Alors, Fabienne, pourquoi cesser d'écrire? «Un jour, ça suffit. J'ai 57 ans et je veux me servir de mon expertise pour accompagner et aider d'autres auteurs, du début à la fin d'un projet. Aux États-Unis, on appelle ça un show runner

Qui sait, d'ici à ce que Fabienne ait écrit la dernière page de 30 vies, en avril prochain, elle peut encore changer d'idée...

PHOTO ROBERT NADON, ARCHIVES LA PRESSE

Fabienne Larouche en 1986, à l'époque où elle écrivait dans les pages de La Presse.

L'EXISTENTIALISTE

Selon Michel Trudeau, au-delà de la femme hyperactive, Fabienne est une «contemplative» qui, comme Jean de La Bruyère, auteur du XVIIe siècle, croit que la vie se résume à peu de choses: «On ne se sent pas naître; on est angoissé par la mort; et on oublie de vivre.»

De son propre aveu, Fabienne Larouche a peur de tout: «J'ai peur de la maladie, des fruits de mer, de prendre l'avion, de la foule, du vent. J'ai même peur des avalanches au mont Saint-Sauveur quand je fais du ski!»

En entrevue, comme dans la vie, Fabienne Larouche n'a pas de filtre. Elle dit tout ce qu'elle pense, à la seconde où elle le pense. Même devant des enfants.

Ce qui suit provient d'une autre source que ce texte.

lemma abs_sc: "(\<And>q. X q \<in> FA) \<Longrightarrow> abs_gU (\<lambda>q. fsc (c q) (X q)) = Sc c * abs_gU X"
proof -
  assume X: "\<And>q. X q \<in> FA"
  have "Sc c * abs_gU X = abs_gU (\<lambda>q. fmul (fsc (c q) fone) (X q))"
    unfolding Sc.abs_eq by (rule abs_mul[symmetric]) (auto simp: X)
  then show ?thesis by (simp add: fmul_fsc_left)
qed

lemma abs_fpow: "x \<in> FA \<Longrightarrow> abs_gU (\<lambda>q. fpow x n) = abs_gU (\<lambda>q. x) ^ n"
  by (induct n) (simp_all add: one_gU.abs_eq abs_mul)

lemma abs_lincomb: "finite J \<Longrightarrow> (\<And>j. j \<in> J \<Longrightarrow> b j \<in> FA) \<Longrightarrow>
  abs_gU (\<lambda>q. lincomb (\<lambda>j. c j q) b J) = (\<Sum>j\<in>J. Sc (c j) * abs_gU (\<lambda>q. b j))"
proof (induct J rule: finite_induct)
  case empty then show ?case by (simp add: lincomb_empty zero_gU.abs_eq)
next
  case (insert x F)
  then show ?case by (simp add: lincomb_insert abs_add abs_sc)
qed

lemma Sc_cong: "(\<And>q. q \<noteq> 0 \<Longrightarrow> f q = g q) \<Longrightarrow> Sc f = Sc g"
  unfolding Sc.abs_eq by (rule gU_eqI) auto

definition "uK = G GK"
definition "uKb = G GKb"
definition "uL = G GL"
definition "uLb = G GLb"
definition "uE = G GE"
definition "uF = G GF"

definition "c2 = Sc (\<lambda>q. q^2)"
definition "ci = Sc (\<lambda>q. inverse (q^2))"
definition "cs = Sc (\<lambda>q. inverse (q - inverse q))"

lemma defining_relations:
  shows K_Kb_K: "uK * uKb * uK = uK"
    and Kb_K_Kb: "uKb * uK * uKb = uKb"
    and K_Kb_comm: "uK * uKb = uKb * uK"
    and L_Lb_L: "uL * uLb * uL = uL"
    and Lb_L_Lb: "uLb * uL * uLb = uLb"
    and L_Lb_comm: "uL * uLb = uLb * uL"
    and KKb_LLb: "uK * uKb + uL * uLb = 1"
    and K_E: "uK * uE = c2 * (uE * uL)"
    and L_E: "uL * uE = c2 * (uE * uK)"
    and Kb_E: "uKb * uE = ci * (uE * uLb)"
    and Lb_E: "uLb * uE = ci * (uE * uKb)"
    and K_F: "uK * uF = ci * (uF * uL)"
    and L_F: "uL * uF = ci * (uF * uK)"
    and Kb_F: "uKb * uF = c2 * (uF * uLb)"
    and Lb_F: "uLb * uF = c2 * (uF * uKb)"
    and E_F: "uE * uF - uF * uE = cs * (uK + uL - (uKb + uLb))"
  by (unfold uK_def uKb_def uL_def uLb_def uE_def uF_def c2_def ci_def cs_def; transfer;
      simp add: fam_rel_def fmul_fsc_left; intro allI impI eqU_of_rel; simp add: rels_def)+

section \<open>Consequences: the idempotents P, Q and the invertible element T\<close>

definition "uP = uK * uKb"
definition "uQ = uL * uLb"
definition "uT = uK + uL"
definition "uTb = uKb + uLb"

definition prj :: "bool \<Rightarrow> gU" where "prj b = (if b then uP else uQ)"

lemma c2_left: "x * (c2 * y) = c2 * (x * y)"
  and ci_left: "x * (ci * y) = ci * (x * y)"
  unfolding c2_def ci_def by (rule Sc_left)+

lemma absorbed_orthogonal:
  fixes x y e f :: "'a :: semiring_0"
  shows "x * e = x \<Longrightarrow> f * y = y \<Longrightarrow> e * f = 0 \<Longrightarrow> x * y = 0"
  by (metis mult.assoc mult_zero_left mult_zero_right)

lemma P_K: "uP * uK = uK" and K_P: "uK * uP = uK"
  and Kb_P: "uKb * uP = uKb" and P_Kb: "uP * uKb = uKb"
  using K_Kb_K Kb_K_Kb K_Kb_comm by (simp_all add: uP_def mult.assoc) (metis mult.assoc)+

lemma Q_L: "uQ * uL = uL" and L_Q: "uL * uQ = uL"
  and Lb_Q: "uLb * uQ = uLb" and Q_Lb: "uQ * uLb = uLb"
  using L_Lb_L Lb_L_Lb L_Lb_comm by (simp_all add: uQ_def mult.assoc) (metis mult.assoc)+

lemma P_plus_Q: "uP + uQ = 1"
  using KKb_LLb by (simp add: uP_def uQ_def)

lemma P_idem: "uP * uP = uP" by (metis Kb_P mult.assoc uP_def)
lemma Q_idem: "uQ * uQ = uQ" by (metis Lb_Q mult.assoc uQ_def)

lemma P_Q: "uP * uQ = 0" and Q_P: "uQ * uP = 0"
proof -
  have Q: "uQ = 1 - uP" using P_plus_Q by (metis add_diff_cancel_left')
  show "uP * uQ = 0" "uQ * uP = 0" by (simp_all add: Q algebra_simps P_idem)
qed

lemma prj_prj: "prj b * prj c = (if b = c then prj b else 0)"
  by (simp add: prj_def P_idem Q_idem P_Q Q_P)

lemma prj_sum: "prj True + prj False = 1"
  by (simp add: prj_def P_plus_Q)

Invitée récemment à l'émission jeunesse Dis-moi tout, à Télé-Québec, l'auteure de Trauma a raconté une anecdote savoureuse pour illustrer ses nombreuses phobies.

À l'occasion du visionnement officiel de la série américaine Pan Am, avec Karine Vanasse, Fabienne est restée coincée durant cinq minutes dans un ascenseur surchargé d'un hôtel de Manhattan. «Je paniquais. Je manquais d'air. Je croyais que j'allais mourir. Karine me tenait la main... Mais les gens jasaient autour de nous, comme si de rien n'était. Et j'ai crié: Please stop talking

«Au moins, vous seriez morte à New York», lui a rétorqué une sage fille de 10 ans dans l'auditoire.

Même devant une centaine d'enfants du primaire, Fabienne Larouche demeure la petite fille vulnérable de Boisbriand, plus à l'aise avec la fiction qu'avec la réalité.